In the construction method, BiSegGraph first generates an index for segGraph, that is, an index number for all words, which will be used later. Then, generateBiSegGraph () is called to generate the path graph.
/*
* Generate a BiSegGraph based upon a SegGraph
*/
Private void generateBiSegGraph (SegGraph segGraph ){
Double smooth = 0.1;
Int wordPairFreq = 0;
Int maxStart = segGraph. getMaxStart ();
Double oneWordFreq, weight, tinyDouble = 1.0/Utility. MAX_FREQUENCE;
Int next;
Char [] idBuffer;
// Get the list of tokens ordered and indexed
SegTokenList = segGraph. makeIndex ();/* is this repeated?
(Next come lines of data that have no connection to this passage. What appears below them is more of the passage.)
(* Let $G_1$ and $G_2$ be the local OPERA DAGs held by two honest nodes. Then $G_1$ and $G_2$ are consistent, i.e. for every event $v$ contained in both $G_1$ and $G_2$ we have $G_1[v] = G_2[v]$.
   Context: An OPERA DAG is a finite directed acyclic graph $G=(V,E)$ whose vertices are event blocks (events). Each event contains a list of references to its parent events, given by their cryptographic hashes. The edge $(v_i,v_j)\in E$ means that $v_i$ references $v_j$ as a parent. Cryptographic hashes are assumed secure, so the hash references of an event determine its parents uniquely. An honest node adds a received or created event $v$ to its local OPERA DAG only if it already has all the parents referenced by $v$, and it then adds the edges from $v$ to those parents. For a vertex $v$ of $G$, $G[v]=(V_v,E_v)$ denotes the subgraph of $G$ induced on $V_v$, the set consisting of $v$ and all its ancestors (the vertices reachable from $v$ by following edges). Two OPERA DAGs $G_1,G_2$ are consistent, written $G_1\sim G_2$, if $G_1[v]=G_2[v]$ for every event $v$ contained in both. *)

theory Defs
  imports Main
begin

(* An OPERA DAG is a pair (V, E) of a set of events and a set of edges;
   (vi, vj) \<in> E means that vi references vj as a parent.
   Every event v carries a list of hash references refs v to its parents;
   hash :: 'e \<Rightarrow> 'h is the cryptographic hash of an event. *)

type_synonym 'e dag = "'e set \<times> ('e \<times> 'e) set"

inductive_set honest_dag :: "('e \<Rightarrow> 'h) \<Rightarrow> ('e \<Rightarrow> 'h list) \<Rightarrow> 'e dag set"
  for hash :: "'e \<Rightarrow> 'h" and refs :: "'e \<Rightarrow> 'h list"
where
  empty: "({}, {}) \<in> honest_dag hash refs"
| add: "\<lbrakk> (V, E) \<in> honest_dag hash refs; v \<notin> V;
          \<forall>r \<in> set (refs v). \<exists>u \<in> V. hash u = r \<rbrakk>
        \<Longrightarrow> (insert v V, E \<union> {(v, u) | u. u \<in> V \<and> hash u \<in> set (refs v)})
              \<in> honest_dag hash refs"

definition ancestors_of :: "'e dag \<Rightarrow> 'e \<Rightarrow> 'e set" where
  "ancestors_of G v = {u. (v, u) \<in> (snd G)\<^sup>*}"

definition sub_dag :: "'e dag \<Rightarrow> 'e \<Rightarrow> 'e dag" where
  "sub_dag G v = (ancestors_of G v, snd G \<inter> (ancestors_of G v \<times> ancestors_of G v))"

definition consistent :: "'e dag \<Rightarrow> 'e dag \<Rightarrow> bool" where
  "consistent G1 G2 \<longleftrightarrow> (\<forall>v. v \<in> fst G1 \<and> v \<in> fst G2 \<longrightarrow> sub_dag G1 v = sub_dag G2 v)"

end

theory Submission
  imports Defs
begin

(* Since hashes are injective, the parents of an event are determined by the event alone.
   An honest DAG contains all parents of each of its events, and its edges are exactly the
   parent edges between its events. Hence G[v] is the restriction of the global parent
   relation to the events reachable from v, which does not depend on G. *)

definition parent_rel :: "('e \<Rightarrow> 'h) \<Rightarrow> ('e \<Rightarrow> 'h list) \<Rightarrow> 'e rel" where
  "parent_rel hash refs = {(v, u). hash u \<in> set (refs v)}"

lemma honest_dag_parent_closed_edges:
  assumes "inj hash" and "(V, E) \<in> honest_dag hash refs"
  shows "parent_rel hash refs `` V \<subseteq> V \<and> E = parent_rel hash refs \<inter> V \<times> V"
  using assms(2)
proof (induction rule: honest_dag.induct)
  case empty
  then show ?case by simp
next
  case (add V E v)
  have "u \<in> V" if "(v, u) \<in> parent_rel hash refs" for u
  proof -
    from that add.hyps(3) obtain u' where "u' \<in> V" "hash u' = hash u"
      by (auto simp: parent_rel_def)
    with \<open>inj hash\<close> show "u \<in> V" by (metis injD)
  qed
  with add.IH show ?case by (auto simp: parent_rel_def)
qed

lemma rtrancl_Int_closed_eq:
  assumes "R `` A \<subseteq> A" and "x \<in> A"
  shows "(x, y) \<in> (R \<inter> A \<times> A)\<^sup>* \<longleftrightarrow> (x, y) \<in> R\<^sup>*"
proof
  show "(x, y) \<in> (R \<inter> A \<times> A)\<^sup>* \<Longrightarrow> (x, y) \<in> R\<^sup>*"
    using rtrancl_mono[of "R \<inter> A \<times> A" R] by blast
next
  assume "(x, y) \<in> R\<^sup>*"
  then have "y \<in> A \<and> (x, y) \<in> (R \<inter> A \<times> A)\<^sup>*"
  proof (induction rule: rtrancl_induct)
    case base
    with \<open>x \<in> A\<close> show ?case by simp
  next
    case (step y z)
    with assms(1) have "z \<in> A" by blast
    with step show ?case by (auto intro: rtrancl_into_rtrancl)
  qed
  then show "(x, y) \<in> (R \<inter> A \<times> A)\<^sup>*" ..
qed

lemma sub_dag_honest_dag:
  assumes "inj hash" and "G \<in> honest_dag hash refs" and "v \<in> fst G"
  defines "A \<equiv> (parent_rel hash refs)\<^sup>* `` {v}"
  shows "sub_dag G v = (A, parent_rel hash refs \<inter> A \<times> A)"
proof -
  obtain V E where G: "G = (V, E)" by fastforce
  let ?R = "parent_rel hash refs"
  from assms(1,2) have closed: "?R `` V \<subseteq> V" and E: "E = ?R \<inter> V \<times> V"
    using honest_dag_parent_closed_edges G by blast+
  have anc: "ancestors_of G v = A"
    using rtrancl_Int_closed_eq[OF closed] assms(3)
    by (auto simp: ancestors_of_def A_def G E)
  have "A \<subseteq> ?R\<^sup>* `` V"
    using assms(3) by (auto simp: A_def G)
  also have "\<dots> = V"
    using Image_closed_trancl[OF closed] .
  finally have "A \<subseteq> V" .
  then show ?thesis
    unfolding sub_dag_def anc by (auto simp: G E)
qed

theorem mainTheorem1:
  fixes hash :: "'e \<Rightarrow> 'h" and refs :: "'e \<Rightarrow> 'h list"
    and G1 G2 :: "'e dag"
  assumes "inj hash"
    and "G1 \<in> honest_dag hash refs"
    and "G2 \<in> honest_dag hash refs"
  shows "consistent G1 G2"
  unfolding consistent_def
  using sub_dag_honest_dag[OF assms(1,2)] sub_dag_honest_dag[OF assms(1,3)] by auto

end
lemma wdeg_on_ge_mult:
  assumes "wdeg_on_ge c S L P" "wdeg_on_ge c S L' Q" shows "wdeg_on_ge c S (L + L') (P * Q)"
  unfolding wdeg_on_ge_def coeff_mult
proof (intro allI deg_on_ge_sum)
  fix e i :: nat assume "i \<in> {..e}"
  then have "L + L' - c * int e = (L - c * int i) + (L' - c * int (e - i))"
    by (simp add: of_nat_diff algebra_simps)
  then show "deg_on_ge S (L + L' - c * int e) (coeff P i * coeff Q (e - i))"
    using assms deg_on_ge_mult unfolding wdeg_on_ge_def by metis
qed

lemma wdeg_on_le_mult:
  assumes "wdeg_on_le c S U P" "wdeg_on_le c S U' Q" shows "wdeg_on_le c S (U + U') (P * Q)"
  unfolding wdeg_on_le_def coeff_mult
proof (intro allI deg_on_le_sum)
  fix e i :: nat assume "i \<in> {..e}"
  then have "U + U' - c * int e = (U - c * int i) + (U' - c * int (e - i))"
    by (simp add: of_nat_diff algebra_simps)
  then show "deg_on_le S (U + U' - c * int e) (coeff P i * coeff Q (e - i))"
    using assms deg_on_le_mult unfolding wdeg_on_le_def by metis
qed

lemma wdeg_on_le_diff: "wdeg_on_le c S U P \<Longrightarrow> wdeg_on_le c S U Q \<Longrightarrow> wdeg_on_le c S U (P - Q)"
  unfolding wdeg_on_le_def by (simp add: deg_on_le_diff)

lemma wdeg_on_ge_mono: "wdeg_on_ge c S L P \<Longrightarrow> L' \<le> L \<Longrightarrow> wdeg_on_ge c S L' P"
  unfolding wdeg_on_ge_def by (meson deg_on_ge_mono diff_right_mono)

lemma wdeg_on_le_mono: "wdeg_on_le c S U P \<Longrightarrow> U \<le> U' \<Longrightarrow> wdeg_on_le c S U' P"
  unfolding wdeg_on_le_def by (meson deg_on_le_mono diff_right_mono)

lemma wdeg_on_ge_one: "wdeg_on_ge c S 0 1" and wdeg_on_le_one: "wdeg_on_le c S 0 1"
  unfolding wdeg_on_ge_def wdeg_on_le_def by (auto simp: coeff_1 deg_on_ge_0 deg_on_le_one)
The preceding constructor has already been used */
// Because the beginning position of startToken is-1, therefore
// StartToken can be obtained when key =-1
Int key =-1;
List NextTokens = null;
/* Process from start to end */
While (key <maxStart ){
/* Determine whether the entry point exists. (Refer to the source code above )*/
If (segGraph. isStartExist (key )){
List TokenList = segGraph. getStartList (key );
/**
* Process all tokens of a given key (that is, the starting position), traverse the tokens that can be adjacent to them, and
* Their joining relationships (token pair) are stored in the graph. The token pair is actually the path before the token.
*/
// Calculate all tokens for a given key.
For (SegToken t1: tokenList ){
OneWordFreq = t1.weight;
Next = t1.endOffset;
NextTokens = null;
// Find the next corresponding Token.
// For example: "Sunny seashore", the present Token is
// "Sunny", next one shoshould be "sea" or "seashore ".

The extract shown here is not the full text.